Surgical biopsy procedures can be used to remove part of an abnormal area of cells (incisional biopsy). Or surgical biopsy may be used to remove an entire area of abnormal cells (excisional biopsy).
You may receive local anesthetics to numb the area of the biopsy. Some surgical biopsy procedures require general anesthetics to make you unconscious during the procedure. You may also be required to stay in the hospital for observation after the procedure.
Biopsy analysis and results
After your doctor obtains a tissue sample, it's sent to a laboratory for analysis. The sample may be chemically treated or frozen and sliced into very thin sections. The sections are placed on glass slides, stained to enhance contrast and studied under a microscope.
The results help your doctor determine whether the cells are cancerous. If the cells are cancerous, the biopsy results can tell your doctor where the cancer originated — the type of cancer.
A biopsy also helps your doctor determine how aggressive your cancer is — the cancer's grade. The grade is sometimes expressed as a number on a scale of 1 to 4 and is determined by how cancer cells look under the microscope.
Low-grade (grade 1) cancers are generally the least aggressive and high-grade (grade 4) cancers are generally the most aggressive. This information may help guide treatment options. Other special tests on the cancer cells also can help to guide treatment choices.
In certain cases, such as during surgery, a pathologist examines the sample of cells immediately and results are available to your surgeon within minutes. But in most cases, the results of your biopsy are available in a few days. Some samples may need more time to be analyzed. Ask your doctor how long to expect to wait for your biopsy results.
Dec. 17, 2016
See more In-depth
- Biopsy — What to expect. Cancer.Net. http://www.cancer.net/navigating-cancer-care/diagnosing-cancer/tests-and-procedures/biopsy. Accessed Oct. 20, 2016.

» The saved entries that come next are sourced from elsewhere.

lemma higher_deriv_affine_power:
  fixes a b z :: complex
  shows "(deriv ^^ m) (\<lambda>\<zeta>. (a * \<zeta> + b) ^ p) z
           = of_nat (fact m * (p choose m)) * a ^ m * (a * z + b) ^ (p - m)"
proof (induction m arbitrary: z)
  case 0
  show ?case by simp
next
  case (Suc m)
  have "(deriv ^^ Suc m) (\<lambda>\<zeta>. (a * \<zeta> + b) ^ p) z
          = deriv (\<lambda>\<zeta>. of_nat (fact m * (p choose m)) * a ^ m * (a * \<zeta> + b) ^ (p - m)) z"
    by (simp only: funpow.simps o_apply Suc.IH[abs_def])
  also have "\<dots> = of_nat (fact m * (p choose m) * (p - m)) * a ^ Suc m * (a * z + b) ^ (p - Suc m)"
    by (rule DERIV_imp_deriv) (auto intro!: derivative_eq_intros simp: mult_ac)
  finally show ?case
    by (simp only: fact_mult_choose_Suc)
qed

lemma higher_deriv_monomial_sum:
  fixes z :: complex
  shows "(deriv ^^ m) (\<lambda>\<zeta>. \<Sum>j\<in>J. c j * \<zeta> ^ p j) z
           = (\<Sum>j\<in>J. c j * of_nat (fact m * (p j choose m)) * z ^ (p j - m))"
proof (induction m arbitrary: z)
  case 0
  show ?case by simp
next
  case (Suc m)
  have "(deriv ^^ Suc m) (\<lambda>\<zeta>. \<Sum>j\<in>J. c j * \<zeta> ^ p j) z
          = deriv (\<lambda>\<zeta>. \<Sum>j\<in>J. c j * of_nat (fact m * (p j choose m)) * \<zeta> ^ (p j - m)) z"
    by (simp only: funpow.simps o_apply Suc.IH[abs_def])
  also have "\<dots> = (\<Sum>j\<in>J. c j * of_nat (fact m * (p j choose m) * (p j - m)) * z ^ (p j - Suc m))"
    by (rule DERIV_imp_deriv) (auto intro!: derivative_eq_intros sum.cong simp: mult_ac)
  finally show ?case
    by (simp only: fact_mult_choose_Suc)
qed

text \<open>For functions polynomial in \<zeta>, both sides are explicit, so the parameter derivative commutes
with the \<zeta>-derivatives without any theorem on mixed partial derivatives.\<close>

lemma has_field_derivative_higher_deriv_parametric_polynomial:
  fixes F :: "complex \<Rightarrow> complex \<Rightarrow> complex"
  assumes F: "\<And>\<omega> \<zeta>. F \<omega> \<zeta> = (\<Sum>j\<in>J. a j \<omega> * \<zeta> ^ p j)"
    and a: "\<And>j. j \<in> J \<Longrightarrow> a j field_differentiable at w"
    and G: "\<And>\<zeta>. ((\<lambda>\<omega>. F \<omega> \<zeta>) has_field_derivative G \<zeta>) (at w)"
  shows "((\<lambda>\<omega>. (deriv ^^ m) (F \<omega>) z) has_field_derivative (deriv ^^ m) G z) (at w)"
proof -
  have a': "j \<in> J \<Longrightarrow> (a j has_field_derivative deriv (a j) w) (at w)" for j
    using a DERIV_deriv_iff_field_differentiable by blast
  have "((\<lambda>\<omega>. F \<omega> \<zeta>) has_field_derivative (\<Sum>j\<in>J. deriv (a j) w * \<zeta> ^ p j)) (at w)" for \<zeta>
    unfolding F by (auto intro!: derivative_eq_intros a')
  then have G_eq: "G = (\<lambda>\<zeta>. \<Sum>j\<in>J. deriv (a j) w * \<zeta> ^ p j)"
    using G DERIV_unique by blast
  have F_eq: "F = (\<lambda>\<omega> \<zeta>. \<Sum>j\<in>J. a j \<omega> * \<zeta> ^ p j)"
    using F by blast
  show ?thesis
    unfolding F_eq G_eq higher_deriv_monomial_sum by (auto intro!: derivative_eq_intros a')
qed

lemma higher_deriv_monomial:
  fixes z :: complex
  shows "(deriv ^^ m) (\<lambda>\<zeta>. \<zeta> ^ p) z = of_nat (fact m * (p choose m)) * z ^ (p - m)"
  using higher_deriv_affine_power[of m 1 0 p z] by simp

lemma higher_deriv_mult_affine_power_eq_0:
  fixes h :: "complex \<Rightarrow> complex"
  assumes "h analytic_on {z}" and "a * z + b = 0" and "m < k"
  shows "(deriv ^^ m) (\<lambda>\<zeta>. h \<zeta> * (a * \<zeta> + b) ^ k) z = 0"
proof -
  have "(deriv ^^ m) (\<lambda>\<zeta>. h \<zeta> * (a * \<zeta> + b) ^ k) z
          = (\<Sum>i = 0..m. of_nat (m choose i) * (deriv ^^ i) h z
               * (deriv ^^ (m - i)) (\<lambda>\<zeta>. (a * \<zeta> + b) ^ k) z)"
    using assms(1) by (intro higher_deriv_mult_at analytic_intros)
  also have "\<dots> = 0"
    using assms(2,3) by (auto simp: higher_deriv_affine_power intro!: sum.neutral)
  finally show ?thesis .
qed

lemma one_minus_mult_eq_affine: "(1 - \<zeta> * w :: complex) = - w * \<zeta> + 1"
  by (simp add: algebra_simps)

lemma monomial_mult_one_minus_power_eq_sum:
  fixes \<zeta> \<omega> :: complex
  shows "\<zeta> ^ p * (1 - \<zeta> * \<omega>) ^ k = (\<Sum>j\<le>k. of_nat (k choose j) * (- \<omega>) ^ j * \<zeta> ^ (p + j))"
proof -
  have "(1 - \<zeta> * \<omega>) ^ k = (\<Sum>j\<le>k. of_nat (k choose j) * (- \<omega> * \<zeta>) ^ j * 1 ^ (k - j))"
    unfolding binomial_ring[symmetric] by (simp add: algebra_simps)
  also have "\<dots> = (\<Sum>j\<le>k. of_nat (k choose j) * (- \<omega>) ^ j * \<zeta> ^ j)"
    by (simp only: power_mult_distrib power_one mult_1_right mult.assoc)
  finally show ?thesis
    by (simp add: sum_distrib_left power_add mult_ac)
qed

- Biopsy. National Health Service. http://www.nhs.uk/conditions/Biopsy/Pages/Introduction.aspx. Accessed Oct. 20, 2016.
- Types of endoscopy. Cancer.Net. http://www.cancer.net/navigating-cancer-care/diagnosing-cancer/tests-and-procedures/types-endoscopy. Accessed Oct. 20, 2016.
- Biopsy. National Breast Cancer Foundation. http://www.nationalbreastcancer.org/breast-cancer-biopsy. Accessed Oct. 20, 2016.
- What you need to know about melanoma and other skin cancers. National Cancer Institute. https://www.cancer.gov/publications/patient-education/. Accessed Oct. 20, 2016.
- Pathology reports. National Cancer Institute. https://www.cancer.gov/about-cancer/diagnosis-staging/diagnosis/pathology-reports-fact-sheet. Accessed Oct. 20, 2016.
- Tumor grade: Questions and answers. National Cancer Institute. https://www.cancer.gov/about-cancer/diagnosis-staging/prognosis/tumor-grade-fact-sheet. Accessed Oct. 20, 2016.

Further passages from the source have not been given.